── DATA PROVIDED ──

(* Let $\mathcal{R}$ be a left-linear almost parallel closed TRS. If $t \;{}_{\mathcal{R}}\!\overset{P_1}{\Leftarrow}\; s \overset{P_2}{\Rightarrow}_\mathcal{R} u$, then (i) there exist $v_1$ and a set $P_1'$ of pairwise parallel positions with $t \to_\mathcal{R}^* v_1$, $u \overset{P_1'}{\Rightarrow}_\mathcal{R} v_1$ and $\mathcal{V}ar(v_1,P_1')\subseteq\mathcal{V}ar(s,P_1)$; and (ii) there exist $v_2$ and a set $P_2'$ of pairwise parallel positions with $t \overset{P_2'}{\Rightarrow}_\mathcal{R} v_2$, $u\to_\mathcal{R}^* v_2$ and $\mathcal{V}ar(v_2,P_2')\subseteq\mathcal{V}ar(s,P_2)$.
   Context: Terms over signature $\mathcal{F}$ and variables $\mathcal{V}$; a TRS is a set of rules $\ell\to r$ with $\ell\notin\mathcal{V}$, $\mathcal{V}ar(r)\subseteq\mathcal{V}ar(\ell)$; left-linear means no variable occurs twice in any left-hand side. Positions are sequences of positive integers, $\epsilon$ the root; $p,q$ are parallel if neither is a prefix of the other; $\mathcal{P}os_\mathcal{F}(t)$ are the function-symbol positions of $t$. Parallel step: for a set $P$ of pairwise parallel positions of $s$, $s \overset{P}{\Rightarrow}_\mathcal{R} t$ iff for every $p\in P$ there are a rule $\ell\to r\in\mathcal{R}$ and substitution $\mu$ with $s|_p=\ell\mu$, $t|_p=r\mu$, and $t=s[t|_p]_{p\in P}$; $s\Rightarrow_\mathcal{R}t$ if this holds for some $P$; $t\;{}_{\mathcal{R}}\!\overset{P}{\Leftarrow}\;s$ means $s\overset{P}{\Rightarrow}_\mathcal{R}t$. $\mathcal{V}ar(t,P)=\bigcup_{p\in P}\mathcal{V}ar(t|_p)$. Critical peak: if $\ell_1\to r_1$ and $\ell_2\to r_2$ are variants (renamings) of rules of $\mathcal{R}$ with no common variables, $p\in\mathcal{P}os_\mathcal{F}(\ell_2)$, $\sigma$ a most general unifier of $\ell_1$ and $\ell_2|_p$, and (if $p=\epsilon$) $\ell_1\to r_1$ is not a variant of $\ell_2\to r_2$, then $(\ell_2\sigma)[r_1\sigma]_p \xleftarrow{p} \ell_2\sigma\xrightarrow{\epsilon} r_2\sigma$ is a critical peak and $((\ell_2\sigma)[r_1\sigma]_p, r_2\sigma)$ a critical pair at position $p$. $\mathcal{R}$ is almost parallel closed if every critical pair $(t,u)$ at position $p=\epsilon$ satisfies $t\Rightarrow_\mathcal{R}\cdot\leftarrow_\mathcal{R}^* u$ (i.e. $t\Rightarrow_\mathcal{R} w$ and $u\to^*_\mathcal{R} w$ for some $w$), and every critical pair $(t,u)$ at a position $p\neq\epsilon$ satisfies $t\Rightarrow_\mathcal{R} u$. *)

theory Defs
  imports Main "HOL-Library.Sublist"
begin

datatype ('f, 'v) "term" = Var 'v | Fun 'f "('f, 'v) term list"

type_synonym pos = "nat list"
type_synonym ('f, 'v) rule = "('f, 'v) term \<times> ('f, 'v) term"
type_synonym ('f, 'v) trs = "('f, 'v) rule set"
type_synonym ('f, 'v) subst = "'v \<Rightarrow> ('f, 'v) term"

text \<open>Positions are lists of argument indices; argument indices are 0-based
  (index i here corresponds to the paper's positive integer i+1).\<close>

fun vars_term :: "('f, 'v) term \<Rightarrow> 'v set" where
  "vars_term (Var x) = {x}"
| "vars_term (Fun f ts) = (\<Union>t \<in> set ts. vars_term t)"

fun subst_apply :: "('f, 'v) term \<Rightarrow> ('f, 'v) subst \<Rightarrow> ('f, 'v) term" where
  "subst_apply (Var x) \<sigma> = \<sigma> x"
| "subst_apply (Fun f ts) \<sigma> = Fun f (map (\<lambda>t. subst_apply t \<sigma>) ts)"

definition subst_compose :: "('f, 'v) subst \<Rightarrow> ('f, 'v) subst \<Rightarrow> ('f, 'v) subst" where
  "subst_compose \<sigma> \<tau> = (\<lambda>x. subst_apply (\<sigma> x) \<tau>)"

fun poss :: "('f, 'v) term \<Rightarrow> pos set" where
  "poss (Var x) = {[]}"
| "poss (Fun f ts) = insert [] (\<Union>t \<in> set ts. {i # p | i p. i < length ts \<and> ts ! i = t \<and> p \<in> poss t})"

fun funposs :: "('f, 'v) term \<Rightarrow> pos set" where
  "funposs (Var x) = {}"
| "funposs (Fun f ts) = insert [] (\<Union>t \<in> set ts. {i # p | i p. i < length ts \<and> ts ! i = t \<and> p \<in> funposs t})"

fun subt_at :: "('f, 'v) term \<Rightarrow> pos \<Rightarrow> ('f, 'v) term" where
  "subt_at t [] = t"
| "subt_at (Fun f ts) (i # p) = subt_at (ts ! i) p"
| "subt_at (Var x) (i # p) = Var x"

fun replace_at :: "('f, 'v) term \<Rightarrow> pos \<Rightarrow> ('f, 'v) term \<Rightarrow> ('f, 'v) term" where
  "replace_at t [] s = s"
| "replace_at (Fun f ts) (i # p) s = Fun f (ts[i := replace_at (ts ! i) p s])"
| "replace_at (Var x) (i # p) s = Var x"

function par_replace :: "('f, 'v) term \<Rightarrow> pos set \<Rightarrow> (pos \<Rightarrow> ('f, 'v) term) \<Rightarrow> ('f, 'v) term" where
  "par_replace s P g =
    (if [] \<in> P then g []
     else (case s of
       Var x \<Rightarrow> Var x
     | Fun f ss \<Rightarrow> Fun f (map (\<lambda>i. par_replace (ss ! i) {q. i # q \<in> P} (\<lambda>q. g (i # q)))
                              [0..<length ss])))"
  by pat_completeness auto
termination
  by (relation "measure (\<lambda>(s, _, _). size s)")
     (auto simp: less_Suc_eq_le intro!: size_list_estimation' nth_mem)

───

Find the word "length" in the records, and report each line that has it.

> _FINISHED EXERCISE_:
| "poss (Fun f ts) = insert [] (\<Union>t \<in> set ts. {i # p | i p. i < length ts \<and> ts ! i = t \<and> p \<in> poss t})"
| "funposs (Fun f ts) = insert [] (\<Union>t \<in> set ts. {i # p | i p. i < length ts \<and> ts ! i = t \<and> p \<in> funposs t})"
                              [0..<length ss])))"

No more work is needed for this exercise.